(Supplied data Opens)
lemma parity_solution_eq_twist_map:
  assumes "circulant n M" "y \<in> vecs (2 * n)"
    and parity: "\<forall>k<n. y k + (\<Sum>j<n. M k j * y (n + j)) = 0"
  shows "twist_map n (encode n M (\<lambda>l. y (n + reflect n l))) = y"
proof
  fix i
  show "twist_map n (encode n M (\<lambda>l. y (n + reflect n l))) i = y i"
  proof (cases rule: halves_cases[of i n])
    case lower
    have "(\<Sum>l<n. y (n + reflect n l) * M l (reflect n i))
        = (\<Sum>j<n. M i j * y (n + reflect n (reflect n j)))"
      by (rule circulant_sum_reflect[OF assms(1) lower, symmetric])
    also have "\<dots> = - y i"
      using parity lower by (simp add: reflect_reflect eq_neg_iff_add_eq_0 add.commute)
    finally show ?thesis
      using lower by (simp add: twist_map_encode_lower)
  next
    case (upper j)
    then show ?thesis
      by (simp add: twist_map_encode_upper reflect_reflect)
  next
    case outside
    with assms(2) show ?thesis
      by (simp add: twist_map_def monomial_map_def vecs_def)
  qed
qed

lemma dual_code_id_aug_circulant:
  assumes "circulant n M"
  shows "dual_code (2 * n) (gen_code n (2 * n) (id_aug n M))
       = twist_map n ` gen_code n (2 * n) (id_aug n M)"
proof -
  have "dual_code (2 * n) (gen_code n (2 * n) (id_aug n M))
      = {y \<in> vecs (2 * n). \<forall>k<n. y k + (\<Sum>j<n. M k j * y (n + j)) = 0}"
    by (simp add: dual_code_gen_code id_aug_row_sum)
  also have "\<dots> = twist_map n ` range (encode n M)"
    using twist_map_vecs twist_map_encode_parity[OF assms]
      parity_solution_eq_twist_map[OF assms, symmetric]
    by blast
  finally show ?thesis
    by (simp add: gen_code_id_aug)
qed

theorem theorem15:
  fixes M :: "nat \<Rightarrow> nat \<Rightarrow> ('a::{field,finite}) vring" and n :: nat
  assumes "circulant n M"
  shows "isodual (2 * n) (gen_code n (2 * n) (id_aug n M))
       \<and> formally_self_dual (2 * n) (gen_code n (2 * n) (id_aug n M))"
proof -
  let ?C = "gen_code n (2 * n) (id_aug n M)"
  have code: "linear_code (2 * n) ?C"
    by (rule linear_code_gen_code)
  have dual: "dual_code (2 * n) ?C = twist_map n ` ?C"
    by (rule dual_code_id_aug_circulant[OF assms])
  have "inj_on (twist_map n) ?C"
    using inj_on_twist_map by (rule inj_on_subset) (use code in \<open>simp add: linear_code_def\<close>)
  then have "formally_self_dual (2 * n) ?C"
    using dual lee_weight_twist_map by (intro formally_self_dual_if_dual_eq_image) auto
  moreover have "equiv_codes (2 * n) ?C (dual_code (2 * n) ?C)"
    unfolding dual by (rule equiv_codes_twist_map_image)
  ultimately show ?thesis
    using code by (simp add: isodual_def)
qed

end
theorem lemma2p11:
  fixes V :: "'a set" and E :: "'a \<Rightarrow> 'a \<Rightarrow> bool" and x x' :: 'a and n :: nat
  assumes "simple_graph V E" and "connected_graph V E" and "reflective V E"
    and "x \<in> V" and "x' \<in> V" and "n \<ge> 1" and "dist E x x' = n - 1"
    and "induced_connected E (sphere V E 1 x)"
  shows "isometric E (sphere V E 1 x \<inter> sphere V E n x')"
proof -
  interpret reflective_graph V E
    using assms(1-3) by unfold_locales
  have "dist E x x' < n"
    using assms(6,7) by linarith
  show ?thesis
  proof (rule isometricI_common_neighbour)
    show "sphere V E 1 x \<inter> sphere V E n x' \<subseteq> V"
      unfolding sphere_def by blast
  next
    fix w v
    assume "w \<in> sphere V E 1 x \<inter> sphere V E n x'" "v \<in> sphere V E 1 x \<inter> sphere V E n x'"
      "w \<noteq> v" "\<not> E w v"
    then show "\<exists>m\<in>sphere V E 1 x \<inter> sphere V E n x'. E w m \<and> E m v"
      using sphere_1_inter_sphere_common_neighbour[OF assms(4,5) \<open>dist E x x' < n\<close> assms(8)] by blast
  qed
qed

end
(Supplied data Closes)
= Instructions to follow =
Please, from the entries above, set down exactly the lines from the one containing "by (simp add: gen_code_id_aug)" through the one containing "n x' \<subseteq>", and only those.

= Completed exercise =
    by (simp add: gen_code_id_aug)
qed

theorem theorem15:
  fixes M :: "nat \<Rightarrow> nat \<Rightarrow> ('a::{field,finite}) vring" and n :: nat
  assumes "circulant n M"
  shows "isodual (2 * n) (gen_code n (2 * n) (id_aug n M))
       \<and> formally_self_dual (2 * n) (gen_code n (2 * n) (id_aug n M))"
proof -
  let ?C = "gen_code n (2 * n) (id_aug n M)"
  have code: "linear_code (2 * n) ?C"
    by (rule linear_code_gen_code)
  have dual: "dual_code (2 * n) ?C = twist_map n ` ?C"
    by (rule dual_code_id_aug_circulant[OF assms])
  have "inj_on (twist_map n) ?C"
    using inj_on_twist_map by (rule inj_on_subset) (use code in \<open>simp add: linear_code_def\<close>)
  then have "formally_self_dual (2 * n) ?C"
    using dual lee_weight_twist_map by (intro formally_self_dual_if_dual_eq_image) auto
  moreover have "equiv_codes (2 * n) ?C (dual_code (2 * n) ?C)"
    unfolding dual by (rule equiv_codes_twist_map_image)
  ultimately show ?thesis
    using code by (simp add: isodual_def)
qed

end
theorem lemma2p11:
  fixes V :: "'a set" and E :: "'a \<Rightarrow> 'a \<Rightarrow> bool" and x x' :: 'a and n :: nat
  assumes "simple_graph V E" and "connected_graph V E" and "reflective V E"
    and "x \<in> V" and "x' \<in> V" and "n \<ge> 1" and "dist E x x' = n - 1"
    and "induced_connected E (sphere V E 1 x)"
  shows "isometric E (sphere V E 1 x \<inter> sphere V E n x')"
proof -
  interpret reflective_graph V E
    using assms(1-3) by unfold_locales
  have "dist E x x' < n"
    using assms(6,7) by linarith
  show ?thesis
  proof (rule isometricI_common_neighbour)
    show "sphere V E 1 x \<inter> sphere V E n x' \<subseteq> V"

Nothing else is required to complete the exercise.